私は何度も食パン(木炭デッサン用の消しゴムとして使われる)で画面を擦り、せっかく描いた形を消し去った。木炭紙の表面が毛羽立ち、灰色の粉が床にボロボロと落ちていく。私の手は、あっという間に真っ黒になり、爪の間には消えない黒が深く刻み込まれていった。

「宮下」

背後から、予告もなく佐伯先生の声がした。
私はビクッとして振り返る。先生はポケットに手を突っ込んだまま、私の描きかけの、ひどく濁ってしまった画面を冷ややかな目で見つめていた。

「お前の絵は、嘘をついている」

先生の一言は、鋭い針のように私の鼓動を突き刺した。

「嘘……ですか?」

「そうだ。お前は鏡の中の自分を見ているようで、実は『人からどう見られたいか』という、自分の中の都合の良いイメージを描いている。その目の描き方、その輪郭の処理、全部どこかで見たような、安いイラストの記号の延長線上だ。そんな風に自分をガードしているうちは、油画科の絵は絶対に描けないぞ」

佐伯先生は、私の手から木炭をひょいと奪い取ると、私の絵の、綺麗に描こうとしていた目の部分に向かって、太い木炭を斜めに叩きつけるようにして真っ黒な斜線を引いた。

「あ……!」

「形が崩れるのを恐れるな。お前が今、進路に迷い、親と揉め、学校で孤立しているそのドロドロした現実のすべてを、この鏡の中の顔に叩きつけろ。綺麗な優等生の宮下理央なんて、ここには必要ないんだよ」

先生は木炭を私の足元に放り投げると、そのまま次の生徒のところへと歩き去っていった。

真っ黒に塗りつぶされた、私のデッサンの目。
私はその場に立ち尽くし、激しい悔しさと、それ以上に、自分の本質を完璧に見透かされたことへの恐怖で、全身の血が逆流するような感覚を覚えていた。

私は、まだ鳥籠の中にいたのだ。
アカウントを消し、親に本音をぶつけ、学校のレールを降りた気になっていたけれど、私の描く絵は、まだ「誰かに嫌われないための、綺麗な優等生」の殻を、一ミリも破ることができていなかった。

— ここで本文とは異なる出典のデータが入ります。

lemma positive_op_sum:
  assumes "positive_op T" "finite I" "\<And>i. i \<in> I \<Longrightarrow> f i \<in> CX"
  shows "T (\<lambda>x. \<Sum>i\<in>I. f i x) = (\<lambda>x. \<Sum>i\<in>I. T (f i) x)"
  using assms(2,3)
proof (induction I rule: finite_induct)
  case empty
  then show ?case by (simp add: positive_op_zero[OF assms(1)])
next
  case (insert a I)
  then show ?case by (simp add: positive_op_add[OF assms(1)] CX_sum)
qed

lemma positive_op_linear_combination:
  assumes "positive_op T" "finite I" "\<And>i. i \<in> I \<Longrightarrow> f i \<in> CX"
  shows "T (\<lambda>x. \<Sum>i\<in>I. a i * f i x) = (\<lambda>x. \<Sum>i\<in>I. a i * T (f i) x)"
proof -
  have "T (\<lambda>x. \<Sum>i\<in>I. a i * f i x) = (\<lambda>x. \<Sum>i\<in>I. T (\<lambda>x. a i * f i x) x)"
    using assms by (intro positive_op_sum) auto
  also have "\<dots> = (\<lambda>x. \<Sum>i\<in>I. a i * T (f i) x)"
    using positive_op_scale[OF assms(1,3)] by simp
  finally show ?thesis .
qed

lemma positive_op_le_supnorm:
  fixes f :: "'a::topological_space \<Rightarrow> real"
  assumes "compact (UNIV :: 'a set)" "positive_op T" "f \<in> CX"
  shows "T f x \<le> supnorm f * T (\<lambda>x. 1) x"
  using positive_op_mono[OF assms(2,3) CX_const le_supnorm[OF assms(1,3)]]
    positive_op_scale[OF assms(2) CX_const[of 1], of "supnorm f"] by simp

lemma positive_op_const_bound:
  fixes f :: "'a::topological_space \<Rightarrow> real"
  assumes "compact (UNIV :: 'a set)" "positive_op T" "f \<in> CX" "\<And>x. f x \<le> c" "c \<ge> 0"
  shows "T f x \<le> c * supnorm (T (\<lambda>x. 1))"
proof -
  have "T f x \<le> T (\<lambda>x. c) x"
    using positive_op_mono[OF assms(2,3) CX_const assms(4)] .
  also have "\<dots> = c * T (\<lambda>x. 1) x"
    using positive_op_scale[OF assms(2) CX_const[of 1], of c] by simp
  also have "\<dots> \<le> c * supnorm (T (\<lambda>x. 1))"
    using le_supnorm[OF assms(1) positive_op_CX[OF assms(2) CX_const]] assms(5)
    by (intro mult_left_mono) auto
  finally show ?thesis .
qed

lemma positive_op_comp: "positive_op T \<Longrightarrow> positive_op U \<Longrightarrow> positive_op (T \<circ> U)"
  unfolding positive_op_def linear_on_CX_def by (auto simp: o_def)

lemma positive_op_funpow: "positive_op T \<Longrightarrow> positive_op (T ^^ n)"
proof (induction n)
  case 0
  then show ?case by (simp add: positive_op_def linear_on_CX_def)
next
  case (Suc n)
  then show ?case
    unfolding funpow.simps(2) by (intro positive_op_comp)
qed

lemma positive_op_weighted:
  assumes T: "positive_op T" and \<phi>: "\<phi> \<in> CX"
  shows "positive_op (weighted_op T \<phi>)"
proof -
  have exp_CX: "(\<lambda>x. exp (\<phi> x) * f x) \<in> CX" if "f \<in> CX" for f
    using that \<phi> by auto
  have add: "weighted_op T \<phi> (\<lambda>x. f x + g x) = (\<lambda>x. weighted_op T \<phi> f x + weighted_op T \<phi> g x)"
    if "f \<in> CX" "g \<in> CX" for f g
    using positive_op_add[OF T exp_CX[OF that(1)] exp_CX[OF that(2)]]
    by (simp add: weighted_op_def distrib_left)
  have scale: "weighted_op T \<phi> (\<lambda>x. c * f x) = (\<lambda>x. c * weighted_op T \<phi> f x)"
    if "f \<in> CX" for f c
    using positive_op_scale[OF T exp_CX[OF that], of c]
    by (simp add: weighted_op_def mult.left_commute)
  have closed: "weighted_op T \<phi> f \<in> CX" if "f \<in> CX" for f
    using positive_op_CX[OF T exp_CX[OF that]] by (simp add: weighted_op_def)
  have nonneg: "0 \<le> weighted_op T \<phi> f x" if "f \<in> CX" "\<forall>x. 0 \<le> f x" for f x
    using positive_op_nonneg[OF T exp_CX[OF that(1)]] that(2)
    by (simp add: weighted_op_def)
  show ?thesis
    unfolding positive_op_def linear_on_CX_def using add scale closed nonneg by simp
qed

lemma transfer_operator_positive_op: "transfer_operator \<alpha> A \<Longrightarrow> positive_op A"
  by (simp add: transfer_operator_def positive_op_def)

lemma transfer_operator_funpow:
  assumes "transfer_operator \<alpha> A" "continuous_on UNIV \<alpha>" "f \<in> CX" "g \<in> CX"
  shows "(A ^^ n) (\<lambda>x. f ((\<alpha> ^^ n) x) * g x) = (\<lambda>x. f x * (A ^^ n) g x)"
  using assms(3)
proof (induction n arbitrary: f)
  case 0
  then show ?case by simp
next
  case (Suc n)
  have "(\<lambda>x. f (\<alpha> x)) \<in> CX"
    using Suc.prems assms(2) by (rule CX_compose)
  then have "(A ^^ Suc n) (\<lambda>x. f ((\<alpha> ^^ Suc n) x) * g x) = A (\<lambda>x. f (\<alpha> x) * (A ^^ n) g x)"
    using Suc.IH[of "\<lambda>x. f (\<alpha> x)"] by simp
  also have "\<dots> = (\<lambda>x. f x * (A ^^ Suc n) g x)"
    using assms(1,4) Suc.prems
      positive_op_CX[OF positive_op_funpow[OF transfer_operator_positive_op[OF assms(1)]]]
    by (auto simp: transfer_operator_def)
  finally show ?case .
qed

lemma states_add: "m \<in> states \<Longrightarrow> f \<in> CX \<Longrightarrow> g \<in> CX \<Longrightarrow> m (\<lambda>x. f x + g x) = m f + m g"
  by (auto simp: states_def)

lemma states_scale: "m \<in> states \<Longrightarrow> f \<in> CX \<Longrightarrow> m (\<lambda>x. c * f x) = c * m f"
  by (auto simp: states_def)

lemma states_nonneg: "m \<in> states \<Longrightarrow> f \<in> CX \<Longrightarrow> (\<And>x. f x \<ge> 0) \<Longrightarrow> m f \<ge> 0"
  by (auto simp: states_def)

lemma states_const: "m \<in> states \<Longrightarrow> m (\<lambda>x. c) = c"
  using states_scale[of m "\<lambda>x. 1" c] by (auto simp: states_def)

画室の窓の外では、夏の強烈な太陽が、アスファルトの陽炎を激しく揺らしていた。
私は床に落ちた木炭を拾い上げ、真っ黒に汚れた指先で、もう一度鏡の中の自分を睨みつけた。

『壊してやる。こんな綺麗なだけの、偽物の自分なんて、今ここで、私の手で完全に叩き壊してやる』

私は食パンを握りしめ、自分の描いた絵を、激しい勢いで擦り潰し始めた。画面全体が、混沌とした灰色の闇へと変わっていく。その闇の中から、本当の私の色彩を引っ張り出すための、本当の戦いが、今度こそ始まろうとしていた。